┌──

(* Let $\alpha_H$ be the harmonic partition and let $\mathcal L^{(\alpha_H)}_n$ and $\mathcal L_n$ be the sum-level sets of the alternating and the classical Lüroth maps, as in the context. Then \[\lim_{n\to\infty}\lambda(\mathcal L^{(\alpha_H)}_n)=\lim_{n\to\infty}\lambda(\mathcal L_n)=0.\]
   Context: $\lambda$ is Lebesgue measure on $\mathcal U=[0,1]$. The harmonic partition $\alpha_H=\{A_n\}$ has $A_n=(1/(n+1),1/n]$, so $a_n=1/(n(n+1))$, $t_n=1/n$. The alternating Lüroth map is $L_{\alpha_H}(x)=-n(n+1)x+(n+1)$ for $x\in A_n$, $L_{\alpha_H}(0)=0$; its cylinders are $C(\ell_1,\dots,\ell_k)=\{x: L_{\alpha_H}^{i-1}(x)\in A_{\ell_i},\ i=1,\dots,k\}$ and $\mathcal L^{(\alpha_H)}_n$ is the union of all $C(\ell_1,\dots,\ell_k)$, $k\in\mathbb N$, with $\sum_i\ell_i=n$. The classical Lüroth map is $L(x)=n(n+1)x-n$ for $x\in[1/(n+1),1/n)$, $n\ge2$, $L(x)=2x-1$ for $x\in[1/2,1]$, $L(0)=0$; with digit intervals $B_1=[1/2,1]$, $B_n=[1/(n+1),1/n)$ for $n\ge2$, its cylinders are $\{x:L^{i-1}(x)\in B_{\ell_i},\ i=1,\dots,k\}$ and $\mathcal L_n$ is the union of those cylinders with $\sum_i\ell_i=n$. *)

theory Defs
  imports "HOL-Analysis.Analysis"
begin

definition harmA :: "nat \<Rightarrow> real set" where
  "harmA n = {1 / real (n + 1) <.. 1 / real n}"

definition altL :: "real \<Rightarrow> real" where
  "altL x = (if x = 0 then 0 else
     (let n = (THE n. n \<ge> 1 \<and> x \<in> harmA n)
      in - (real n * real (n + 1)) * x + real (n + 1)))"

definition lurB :: "nat \<Rightarrow> real set" where
  "lurB n = (if n = 1 then {1/2 .. 1} else {1 / real (n + 1) ..< 1 / real n})"

definition lurL :: "real \<Rightarrow> real" where
  "lurL x = (if x = 0 then 0 else
     (let n = (THE n. n \<ge> 1 \<and> x \<in> lurB n)
      in if n = 1 then 2 * x - 1 else real n * real (n + 1) * x - real n))"

definition cyl :: "(real \<Rightarrow> real) \<Rightarrow> (nat \<Rightarrow> real set) \<Rightarrow> nat list \<Rightarrow> real set" where
  "cyl T D ls = {x \<in> {0..1}. \<forall>i < length ls. (T ^^ i) x \<in> D (ls ! i)}"

definition sumlevel :: "(real \<Rightarrow> real) \<Rightarrow> (nat \<Rightarrow> real set) \<Rightarrow> nat \<Rightarrow> real set" where
  "sumlevel T D n = (\<Union>ls \<in> {ls. ls \<noteq> [] \<and> (\<forall>l \<in> set ls. l \<ge> 1) \<and> sum_list ls = n}. cyl T D ls)"

end

theory Submission
  imports Defs
begin

text \<open>On the digit interval of \<open>l\<close> both maps are inverted by an affine map of slope
  \<open>\<plusminus>p l\<close>, where \<open>p l = 1/(l(l+1))\<close>. Hence the cylinder of a digit word \<open>ls\<close> lies in an
  interval of length \<open>\<Prod>l\<leftarrow>ls. p l\<close>, and the \<open>n\<close>-th sum-level set has measure at most
  \<open>u n\<close>, the sum of these products over all compositions \<open>ls\<close> of \<open>n\<close>. Now \<open>u\<close> is the
  renewal sequence of the step law \<open>p\<close>, whose mean \<open>\<Sum>l. 1/(l+1)\<close> is infinite, so \<open>u n\<close>
  tends to \<open>0\<close> by the renewal theorem. With the tails
  \<open>r j = 1/(j+1)\<close> one has \<open>\<Sum>j\<le>n. u j * r (n - j) = 1\<close>, so \<open>u\<close> cannot have long runs of
  values near a positive \<open>L = lim sup u\<close>; but since \<open>p 1 = 1/2\<close>, a value of \<open>u\<close> near \<open>L\<close>
  forces its predecessor to be near \<open>L\<close> as well, which produces such runs.\<close>

subsection \<open>A renewal theorem for the step law \<open>1/(l(l+1))\<close>\<close>

definition digit_length :: "nat \<Rightarrow> real" where
  "digit_length l = 1 / (real l * real (l + 1))"

text \<open>The tail sum \<open>\<Sum>l>j. digit_length l\<close>, by telescoping.\<close>
definition digit_tail :: "nat \<Rightarrow> real" where
  "digit_tail j = inverse (real (Suc j))"

lemma digit_length_telescoping: "1 \<le> l \<Longrightarrow> digit_length l = 1 / real l - 1 / real (l + 1)"
  by (simp add: digit_length_def diff_frac_eq)

lemma digit_length_nonneg: "0 \<le> digit_length l"
  by (simp add: digit_length_def)

lemma digit_tail_nonneg: "0 \<le> digit_tail j"
  by (simp add: digit_tail_def)

lemma digit_tail_Suc: "digit_tail (Suc j) = digit_tail j - digit_length (Suc j)"
  by (simp add: digit_tail_def digit_length_telescoping inverse_eq_divide)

└──

### [Exercise directions]
Beginning with the line that contains "by (simp add: digit_tail_def)", output each line of the listing above through the last one, exactly and with nothing added.

### [Problem solution]
  by (simp add: digit_tail_def)

lemma digit_tail_Suc: "digit_tail (Suc j) = digit_tail j - digit_length (Suc j)"
  by (simp add: digit_tail_def digit_length_telescoping inverse_eq_divide)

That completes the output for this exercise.